Segment Start: Records for the task
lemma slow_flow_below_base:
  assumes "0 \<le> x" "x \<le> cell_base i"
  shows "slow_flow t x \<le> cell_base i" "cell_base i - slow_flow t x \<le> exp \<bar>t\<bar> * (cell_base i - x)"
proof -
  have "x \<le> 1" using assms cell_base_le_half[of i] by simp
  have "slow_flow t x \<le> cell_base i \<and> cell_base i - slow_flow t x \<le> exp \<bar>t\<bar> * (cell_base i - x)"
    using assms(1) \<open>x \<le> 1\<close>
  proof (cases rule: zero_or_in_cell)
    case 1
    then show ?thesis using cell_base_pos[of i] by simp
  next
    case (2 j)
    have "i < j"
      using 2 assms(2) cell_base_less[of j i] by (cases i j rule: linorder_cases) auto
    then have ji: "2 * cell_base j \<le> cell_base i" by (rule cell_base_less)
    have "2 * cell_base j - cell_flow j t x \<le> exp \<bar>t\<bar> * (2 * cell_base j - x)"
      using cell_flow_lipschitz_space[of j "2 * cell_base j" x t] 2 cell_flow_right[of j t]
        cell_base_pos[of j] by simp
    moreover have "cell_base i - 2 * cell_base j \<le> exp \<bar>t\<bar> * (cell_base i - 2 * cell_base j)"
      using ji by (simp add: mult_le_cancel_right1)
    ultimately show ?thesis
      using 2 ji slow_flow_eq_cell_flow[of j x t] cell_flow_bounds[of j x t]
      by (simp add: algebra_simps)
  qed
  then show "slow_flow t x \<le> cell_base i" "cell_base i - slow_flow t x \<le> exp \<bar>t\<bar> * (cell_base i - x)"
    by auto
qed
Segment End: Records for the task
Segment Start: Records for the task
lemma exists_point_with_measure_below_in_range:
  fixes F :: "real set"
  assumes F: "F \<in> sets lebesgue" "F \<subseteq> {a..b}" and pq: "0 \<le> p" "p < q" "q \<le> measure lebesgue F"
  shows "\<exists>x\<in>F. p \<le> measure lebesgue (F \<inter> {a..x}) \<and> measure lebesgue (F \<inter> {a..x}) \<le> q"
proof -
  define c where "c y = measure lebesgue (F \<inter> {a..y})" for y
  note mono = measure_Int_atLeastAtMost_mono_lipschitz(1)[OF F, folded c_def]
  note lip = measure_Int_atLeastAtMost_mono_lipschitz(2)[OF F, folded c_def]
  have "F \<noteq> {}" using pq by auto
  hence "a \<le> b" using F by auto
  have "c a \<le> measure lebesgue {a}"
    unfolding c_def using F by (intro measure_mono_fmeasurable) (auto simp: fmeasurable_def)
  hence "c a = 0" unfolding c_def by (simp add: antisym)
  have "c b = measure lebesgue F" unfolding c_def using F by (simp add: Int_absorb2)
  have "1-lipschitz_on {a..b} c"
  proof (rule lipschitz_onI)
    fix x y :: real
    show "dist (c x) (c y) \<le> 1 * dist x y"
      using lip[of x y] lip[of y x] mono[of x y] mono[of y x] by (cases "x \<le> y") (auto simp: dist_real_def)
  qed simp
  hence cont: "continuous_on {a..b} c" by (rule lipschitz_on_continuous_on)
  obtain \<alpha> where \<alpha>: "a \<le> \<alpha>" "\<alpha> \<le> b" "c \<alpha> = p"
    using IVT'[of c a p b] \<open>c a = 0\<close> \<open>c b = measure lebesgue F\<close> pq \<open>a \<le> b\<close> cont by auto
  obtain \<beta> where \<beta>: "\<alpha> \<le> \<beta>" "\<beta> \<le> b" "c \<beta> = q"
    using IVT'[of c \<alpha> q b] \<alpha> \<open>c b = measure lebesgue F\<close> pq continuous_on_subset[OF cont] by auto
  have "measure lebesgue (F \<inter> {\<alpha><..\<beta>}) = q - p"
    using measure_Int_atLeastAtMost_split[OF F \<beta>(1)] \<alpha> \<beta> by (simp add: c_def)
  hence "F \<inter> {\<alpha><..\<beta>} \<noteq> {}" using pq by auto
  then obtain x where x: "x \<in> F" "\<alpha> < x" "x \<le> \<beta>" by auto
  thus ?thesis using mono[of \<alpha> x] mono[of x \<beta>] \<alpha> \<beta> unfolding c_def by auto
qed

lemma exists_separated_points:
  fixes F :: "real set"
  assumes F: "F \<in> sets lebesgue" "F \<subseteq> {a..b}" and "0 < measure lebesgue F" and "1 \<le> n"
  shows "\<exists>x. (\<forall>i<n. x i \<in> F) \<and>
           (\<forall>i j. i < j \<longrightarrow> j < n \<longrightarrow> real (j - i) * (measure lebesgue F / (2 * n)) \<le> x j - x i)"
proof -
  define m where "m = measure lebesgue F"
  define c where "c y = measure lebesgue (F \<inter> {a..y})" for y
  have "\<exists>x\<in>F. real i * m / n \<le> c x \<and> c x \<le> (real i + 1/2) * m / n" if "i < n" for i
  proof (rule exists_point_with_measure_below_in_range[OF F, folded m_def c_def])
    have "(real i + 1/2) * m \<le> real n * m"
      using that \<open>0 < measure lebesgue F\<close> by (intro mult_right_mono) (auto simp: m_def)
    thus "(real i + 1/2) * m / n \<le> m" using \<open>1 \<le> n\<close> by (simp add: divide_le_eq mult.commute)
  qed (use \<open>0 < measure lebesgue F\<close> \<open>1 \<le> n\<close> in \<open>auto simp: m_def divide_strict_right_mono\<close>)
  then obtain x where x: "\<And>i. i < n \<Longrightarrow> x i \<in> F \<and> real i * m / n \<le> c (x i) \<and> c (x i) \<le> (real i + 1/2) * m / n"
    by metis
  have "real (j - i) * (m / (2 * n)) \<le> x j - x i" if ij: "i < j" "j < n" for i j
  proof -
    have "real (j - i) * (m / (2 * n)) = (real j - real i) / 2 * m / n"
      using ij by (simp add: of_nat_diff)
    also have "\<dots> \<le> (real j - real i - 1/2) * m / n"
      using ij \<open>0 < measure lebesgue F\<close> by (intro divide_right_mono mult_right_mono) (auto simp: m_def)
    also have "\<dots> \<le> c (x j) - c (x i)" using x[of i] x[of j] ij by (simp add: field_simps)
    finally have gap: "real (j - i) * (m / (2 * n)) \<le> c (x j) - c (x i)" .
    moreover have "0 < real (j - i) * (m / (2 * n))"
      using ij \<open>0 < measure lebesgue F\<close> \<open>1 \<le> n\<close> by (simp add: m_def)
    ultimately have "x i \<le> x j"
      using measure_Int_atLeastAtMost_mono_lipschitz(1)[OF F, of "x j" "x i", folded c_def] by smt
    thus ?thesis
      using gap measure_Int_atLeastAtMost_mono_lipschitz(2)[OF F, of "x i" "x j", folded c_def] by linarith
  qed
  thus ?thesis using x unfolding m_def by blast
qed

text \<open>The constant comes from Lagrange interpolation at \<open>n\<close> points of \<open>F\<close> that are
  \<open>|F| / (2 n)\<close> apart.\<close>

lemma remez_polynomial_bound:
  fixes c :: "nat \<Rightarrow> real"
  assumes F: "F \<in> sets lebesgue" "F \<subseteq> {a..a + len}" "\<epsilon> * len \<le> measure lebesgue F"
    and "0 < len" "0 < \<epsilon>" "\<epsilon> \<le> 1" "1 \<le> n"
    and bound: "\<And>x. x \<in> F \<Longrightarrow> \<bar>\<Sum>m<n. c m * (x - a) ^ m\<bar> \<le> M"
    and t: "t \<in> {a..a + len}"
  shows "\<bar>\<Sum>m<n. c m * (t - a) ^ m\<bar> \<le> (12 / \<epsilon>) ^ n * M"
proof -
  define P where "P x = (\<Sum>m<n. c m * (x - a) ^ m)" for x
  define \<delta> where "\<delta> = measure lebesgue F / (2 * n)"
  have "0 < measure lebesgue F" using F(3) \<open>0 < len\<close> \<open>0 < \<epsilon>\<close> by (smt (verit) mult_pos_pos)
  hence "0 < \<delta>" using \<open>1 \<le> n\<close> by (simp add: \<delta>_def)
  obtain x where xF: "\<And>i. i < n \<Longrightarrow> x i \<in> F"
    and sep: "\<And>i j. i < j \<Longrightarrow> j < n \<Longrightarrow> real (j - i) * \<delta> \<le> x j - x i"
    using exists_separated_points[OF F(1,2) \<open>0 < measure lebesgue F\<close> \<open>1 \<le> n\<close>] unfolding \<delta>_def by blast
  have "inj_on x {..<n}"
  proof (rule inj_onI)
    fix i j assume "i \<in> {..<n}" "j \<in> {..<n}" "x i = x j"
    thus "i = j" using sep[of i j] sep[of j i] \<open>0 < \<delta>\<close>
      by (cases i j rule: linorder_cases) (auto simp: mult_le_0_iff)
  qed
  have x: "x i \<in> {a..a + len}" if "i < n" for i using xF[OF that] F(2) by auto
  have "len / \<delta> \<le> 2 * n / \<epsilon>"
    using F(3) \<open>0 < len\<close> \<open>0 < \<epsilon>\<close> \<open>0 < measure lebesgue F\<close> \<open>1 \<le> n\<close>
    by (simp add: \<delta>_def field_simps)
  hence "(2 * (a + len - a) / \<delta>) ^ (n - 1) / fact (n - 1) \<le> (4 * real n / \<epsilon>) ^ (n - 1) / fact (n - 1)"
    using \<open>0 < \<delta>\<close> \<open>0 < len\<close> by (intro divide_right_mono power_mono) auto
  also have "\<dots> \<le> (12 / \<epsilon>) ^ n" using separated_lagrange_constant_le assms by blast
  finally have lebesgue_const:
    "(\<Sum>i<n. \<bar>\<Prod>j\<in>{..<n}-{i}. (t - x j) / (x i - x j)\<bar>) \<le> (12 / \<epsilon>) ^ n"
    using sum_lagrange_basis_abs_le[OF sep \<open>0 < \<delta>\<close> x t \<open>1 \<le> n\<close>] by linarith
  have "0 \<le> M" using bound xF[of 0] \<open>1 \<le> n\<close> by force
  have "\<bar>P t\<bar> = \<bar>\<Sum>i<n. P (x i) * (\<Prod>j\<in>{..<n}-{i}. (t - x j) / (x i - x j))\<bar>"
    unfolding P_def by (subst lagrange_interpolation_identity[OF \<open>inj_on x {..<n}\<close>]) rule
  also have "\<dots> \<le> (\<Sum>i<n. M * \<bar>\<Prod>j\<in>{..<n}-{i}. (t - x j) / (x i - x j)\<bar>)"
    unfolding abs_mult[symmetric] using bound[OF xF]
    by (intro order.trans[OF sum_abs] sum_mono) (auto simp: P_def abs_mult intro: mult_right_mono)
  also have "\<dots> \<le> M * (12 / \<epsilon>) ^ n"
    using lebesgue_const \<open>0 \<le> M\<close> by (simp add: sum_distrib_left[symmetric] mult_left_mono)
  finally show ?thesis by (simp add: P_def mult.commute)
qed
Segment End: Records for the task
▶ [Action item] All lines in the listing above between the line with "then show ?thesis" and the line with "cell_base_pos[of j] by simp", inclusive, should be set down exactly, and no line outside that range.

▶ [Response to this task]
    then show ?thesis using cell_base_pos[of i] by simp
  next
    case (2 j)
    have "i < j"
      using 2 assms(2) cell_base_less[of j i] by (cases i j rule: linorder_cases) auto
    then have ji: "2 * cell_base j \<le> cell_base i" by (rule cell_base_less)
    have "2 * cell_base j - cell_flow j t x \<le> exp \<bar>t\<bar> * (2 * cell_base j - x)"
      using cell_flow_lipschitz_space[of j "2 * cell_base j" x t] 2 cell_flow_right[of j t]
        cell_base_pos[of j] by simp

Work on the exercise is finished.